- **TASK GOAL**: In the listing below, the answer starts at the line that has "unfolding lin_ext_def by" and stops after the line that has "by (rule UN_E)"; please repeat that part exactly and nothing more.
#### EXERCISE MATERIALS ####
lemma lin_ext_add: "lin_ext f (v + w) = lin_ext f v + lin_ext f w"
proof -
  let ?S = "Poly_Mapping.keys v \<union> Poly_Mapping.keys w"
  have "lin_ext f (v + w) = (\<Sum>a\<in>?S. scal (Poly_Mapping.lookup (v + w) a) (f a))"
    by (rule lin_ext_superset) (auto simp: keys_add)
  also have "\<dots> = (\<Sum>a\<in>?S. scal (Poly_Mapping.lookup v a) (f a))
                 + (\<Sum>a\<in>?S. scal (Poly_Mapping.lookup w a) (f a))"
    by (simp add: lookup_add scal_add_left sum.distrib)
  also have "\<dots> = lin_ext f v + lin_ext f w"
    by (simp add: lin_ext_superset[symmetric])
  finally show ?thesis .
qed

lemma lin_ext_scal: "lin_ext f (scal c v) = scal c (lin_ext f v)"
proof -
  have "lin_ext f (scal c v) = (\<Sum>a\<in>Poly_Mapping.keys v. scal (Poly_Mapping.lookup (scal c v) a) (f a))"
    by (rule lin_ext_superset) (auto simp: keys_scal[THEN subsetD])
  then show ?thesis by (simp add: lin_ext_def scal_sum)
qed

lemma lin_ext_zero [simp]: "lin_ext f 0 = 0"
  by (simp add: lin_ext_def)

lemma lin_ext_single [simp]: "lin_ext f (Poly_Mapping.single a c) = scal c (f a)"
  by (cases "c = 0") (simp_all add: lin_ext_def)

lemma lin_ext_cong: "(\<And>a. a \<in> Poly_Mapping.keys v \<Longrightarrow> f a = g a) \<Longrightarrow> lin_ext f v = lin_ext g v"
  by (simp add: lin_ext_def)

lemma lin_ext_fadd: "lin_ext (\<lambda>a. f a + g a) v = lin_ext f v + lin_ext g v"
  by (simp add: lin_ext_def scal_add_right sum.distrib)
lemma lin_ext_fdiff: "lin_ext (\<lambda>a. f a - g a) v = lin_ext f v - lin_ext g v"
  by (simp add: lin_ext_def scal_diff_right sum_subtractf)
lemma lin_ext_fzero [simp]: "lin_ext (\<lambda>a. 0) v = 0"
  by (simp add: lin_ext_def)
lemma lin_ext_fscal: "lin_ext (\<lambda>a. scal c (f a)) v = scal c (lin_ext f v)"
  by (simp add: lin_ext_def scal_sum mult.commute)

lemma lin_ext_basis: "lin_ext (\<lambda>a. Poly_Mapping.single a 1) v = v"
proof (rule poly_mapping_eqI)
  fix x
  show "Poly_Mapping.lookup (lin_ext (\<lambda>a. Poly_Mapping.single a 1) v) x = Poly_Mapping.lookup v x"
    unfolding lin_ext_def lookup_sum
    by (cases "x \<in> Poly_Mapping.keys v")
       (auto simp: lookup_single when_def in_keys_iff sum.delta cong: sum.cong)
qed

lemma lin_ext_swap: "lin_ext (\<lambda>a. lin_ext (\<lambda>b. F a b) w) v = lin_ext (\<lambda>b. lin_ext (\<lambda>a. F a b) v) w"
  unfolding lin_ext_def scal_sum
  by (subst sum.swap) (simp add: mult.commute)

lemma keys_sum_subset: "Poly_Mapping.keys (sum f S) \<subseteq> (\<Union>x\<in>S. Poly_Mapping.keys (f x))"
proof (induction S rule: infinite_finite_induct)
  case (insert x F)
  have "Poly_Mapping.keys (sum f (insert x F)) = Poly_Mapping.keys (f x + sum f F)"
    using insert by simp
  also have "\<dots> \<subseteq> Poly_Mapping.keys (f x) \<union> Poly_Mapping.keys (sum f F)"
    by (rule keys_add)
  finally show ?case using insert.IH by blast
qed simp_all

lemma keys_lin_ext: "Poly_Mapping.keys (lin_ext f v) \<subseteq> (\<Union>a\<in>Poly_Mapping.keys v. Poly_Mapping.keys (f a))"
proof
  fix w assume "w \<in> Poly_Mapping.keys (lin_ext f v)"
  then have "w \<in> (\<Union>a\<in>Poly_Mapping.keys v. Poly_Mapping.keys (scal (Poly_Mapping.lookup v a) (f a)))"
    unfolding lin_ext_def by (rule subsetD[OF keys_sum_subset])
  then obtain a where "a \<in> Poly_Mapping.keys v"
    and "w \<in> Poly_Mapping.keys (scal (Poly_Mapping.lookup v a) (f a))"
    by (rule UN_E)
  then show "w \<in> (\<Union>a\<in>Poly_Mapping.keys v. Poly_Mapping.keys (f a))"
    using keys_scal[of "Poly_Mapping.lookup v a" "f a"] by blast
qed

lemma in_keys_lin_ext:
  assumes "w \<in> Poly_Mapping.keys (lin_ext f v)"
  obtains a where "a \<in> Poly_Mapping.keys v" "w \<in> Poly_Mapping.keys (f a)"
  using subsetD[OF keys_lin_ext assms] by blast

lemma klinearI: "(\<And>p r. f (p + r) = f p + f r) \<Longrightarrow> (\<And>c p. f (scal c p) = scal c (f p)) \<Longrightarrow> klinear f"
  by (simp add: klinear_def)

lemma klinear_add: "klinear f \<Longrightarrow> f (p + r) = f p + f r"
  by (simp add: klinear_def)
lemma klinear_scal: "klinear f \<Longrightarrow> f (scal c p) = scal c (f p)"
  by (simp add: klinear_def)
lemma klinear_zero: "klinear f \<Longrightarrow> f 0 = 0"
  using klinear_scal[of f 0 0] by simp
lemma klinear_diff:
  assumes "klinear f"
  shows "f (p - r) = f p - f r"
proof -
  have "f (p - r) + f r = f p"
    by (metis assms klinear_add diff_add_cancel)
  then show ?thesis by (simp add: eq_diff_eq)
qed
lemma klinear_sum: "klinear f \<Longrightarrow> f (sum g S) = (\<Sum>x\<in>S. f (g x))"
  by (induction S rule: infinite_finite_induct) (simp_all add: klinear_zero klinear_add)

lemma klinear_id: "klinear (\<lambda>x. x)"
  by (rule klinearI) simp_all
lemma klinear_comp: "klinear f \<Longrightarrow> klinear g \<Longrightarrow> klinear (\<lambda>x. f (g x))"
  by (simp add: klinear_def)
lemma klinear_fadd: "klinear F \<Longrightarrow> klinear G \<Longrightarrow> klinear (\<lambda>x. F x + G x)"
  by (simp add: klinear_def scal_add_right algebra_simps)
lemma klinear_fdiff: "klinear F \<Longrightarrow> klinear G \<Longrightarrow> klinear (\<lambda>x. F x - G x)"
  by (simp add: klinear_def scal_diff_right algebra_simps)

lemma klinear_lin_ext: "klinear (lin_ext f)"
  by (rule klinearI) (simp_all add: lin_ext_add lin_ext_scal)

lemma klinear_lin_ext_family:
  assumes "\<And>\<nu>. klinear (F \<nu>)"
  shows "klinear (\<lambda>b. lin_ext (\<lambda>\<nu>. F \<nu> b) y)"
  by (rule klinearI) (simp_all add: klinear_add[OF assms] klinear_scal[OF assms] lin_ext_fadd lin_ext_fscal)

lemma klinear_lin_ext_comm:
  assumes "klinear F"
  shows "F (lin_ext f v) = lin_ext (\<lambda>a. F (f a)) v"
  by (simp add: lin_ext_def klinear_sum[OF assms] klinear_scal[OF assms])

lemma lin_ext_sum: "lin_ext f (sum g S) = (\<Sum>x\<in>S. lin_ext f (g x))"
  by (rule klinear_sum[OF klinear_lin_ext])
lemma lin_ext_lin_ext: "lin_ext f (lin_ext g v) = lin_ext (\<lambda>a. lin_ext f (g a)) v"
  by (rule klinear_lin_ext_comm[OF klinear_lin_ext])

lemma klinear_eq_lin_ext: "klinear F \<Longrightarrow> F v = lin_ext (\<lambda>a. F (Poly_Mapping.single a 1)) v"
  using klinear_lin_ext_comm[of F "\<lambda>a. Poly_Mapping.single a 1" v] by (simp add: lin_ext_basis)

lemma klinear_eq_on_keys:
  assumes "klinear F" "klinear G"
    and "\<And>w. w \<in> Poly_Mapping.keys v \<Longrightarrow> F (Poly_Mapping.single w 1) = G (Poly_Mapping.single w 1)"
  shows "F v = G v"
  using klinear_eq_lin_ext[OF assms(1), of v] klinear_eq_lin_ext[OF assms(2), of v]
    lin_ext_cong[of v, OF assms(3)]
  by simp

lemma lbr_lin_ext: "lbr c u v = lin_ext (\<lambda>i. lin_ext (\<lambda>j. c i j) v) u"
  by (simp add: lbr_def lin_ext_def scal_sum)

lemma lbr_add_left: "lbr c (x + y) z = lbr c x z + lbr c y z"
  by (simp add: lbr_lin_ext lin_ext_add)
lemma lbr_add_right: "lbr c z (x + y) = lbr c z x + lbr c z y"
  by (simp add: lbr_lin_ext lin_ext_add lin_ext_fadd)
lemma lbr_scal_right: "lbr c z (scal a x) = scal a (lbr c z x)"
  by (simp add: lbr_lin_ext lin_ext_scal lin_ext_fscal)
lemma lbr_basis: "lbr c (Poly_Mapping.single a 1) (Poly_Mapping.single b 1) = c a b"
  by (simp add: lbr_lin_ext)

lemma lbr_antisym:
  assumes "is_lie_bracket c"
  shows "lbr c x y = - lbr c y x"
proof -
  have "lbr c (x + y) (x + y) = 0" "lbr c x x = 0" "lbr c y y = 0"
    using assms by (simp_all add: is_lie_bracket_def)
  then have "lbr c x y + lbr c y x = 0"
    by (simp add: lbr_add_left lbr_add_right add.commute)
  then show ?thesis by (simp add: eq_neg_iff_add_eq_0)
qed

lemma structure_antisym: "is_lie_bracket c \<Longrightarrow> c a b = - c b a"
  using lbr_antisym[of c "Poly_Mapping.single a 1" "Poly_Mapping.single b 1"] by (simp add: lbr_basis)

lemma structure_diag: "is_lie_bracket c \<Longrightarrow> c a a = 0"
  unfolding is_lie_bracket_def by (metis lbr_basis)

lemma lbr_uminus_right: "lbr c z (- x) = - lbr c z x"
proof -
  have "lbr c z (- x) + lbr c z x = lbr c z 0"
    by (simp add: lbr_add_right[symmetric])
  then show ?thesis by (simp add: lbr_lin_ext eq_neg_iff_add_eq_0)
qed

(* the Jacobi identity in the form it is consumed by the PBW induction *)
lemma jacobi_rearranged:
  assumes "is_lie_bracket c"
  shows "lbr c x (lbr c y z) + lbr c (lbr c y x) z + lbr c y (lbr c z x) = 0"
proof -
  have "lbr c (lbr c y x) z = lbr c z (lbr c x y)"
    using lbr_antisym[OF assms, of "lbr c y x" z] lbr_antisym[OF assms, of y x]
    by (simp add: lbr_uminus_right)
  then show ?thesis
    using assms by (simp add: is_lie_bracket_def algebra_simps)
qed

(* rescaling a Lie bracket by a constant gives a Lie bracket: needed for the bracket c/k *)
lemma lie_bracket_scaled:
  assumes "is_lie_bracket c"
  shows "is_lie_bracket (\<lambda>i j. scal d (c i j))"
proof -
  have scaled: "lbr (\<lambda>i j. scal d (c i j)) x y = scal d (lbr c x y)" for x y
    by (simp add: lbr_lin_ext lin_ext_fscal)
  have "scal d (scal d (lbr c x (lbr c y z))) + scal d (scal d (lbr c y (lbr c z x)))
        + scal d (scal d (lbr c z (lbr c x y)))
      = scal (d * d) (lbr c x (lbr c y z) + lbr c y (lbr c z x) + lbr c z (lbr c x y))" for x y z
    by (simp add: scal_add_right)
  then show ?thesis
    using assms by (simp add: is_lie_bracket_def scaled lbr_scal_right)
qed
####
- **EXERCISE SOLUTION**:
    unfolding lin_ext_def by (rule subsetD[OF keys_sum_subset])
  then obtain a where "a \<in> Poly_Mapping.keys v"
    and "w \<in> Poly_Mapping.keys (scal (Poly_Mapping.lookup v a) (f a))"
    by (rule UN_E)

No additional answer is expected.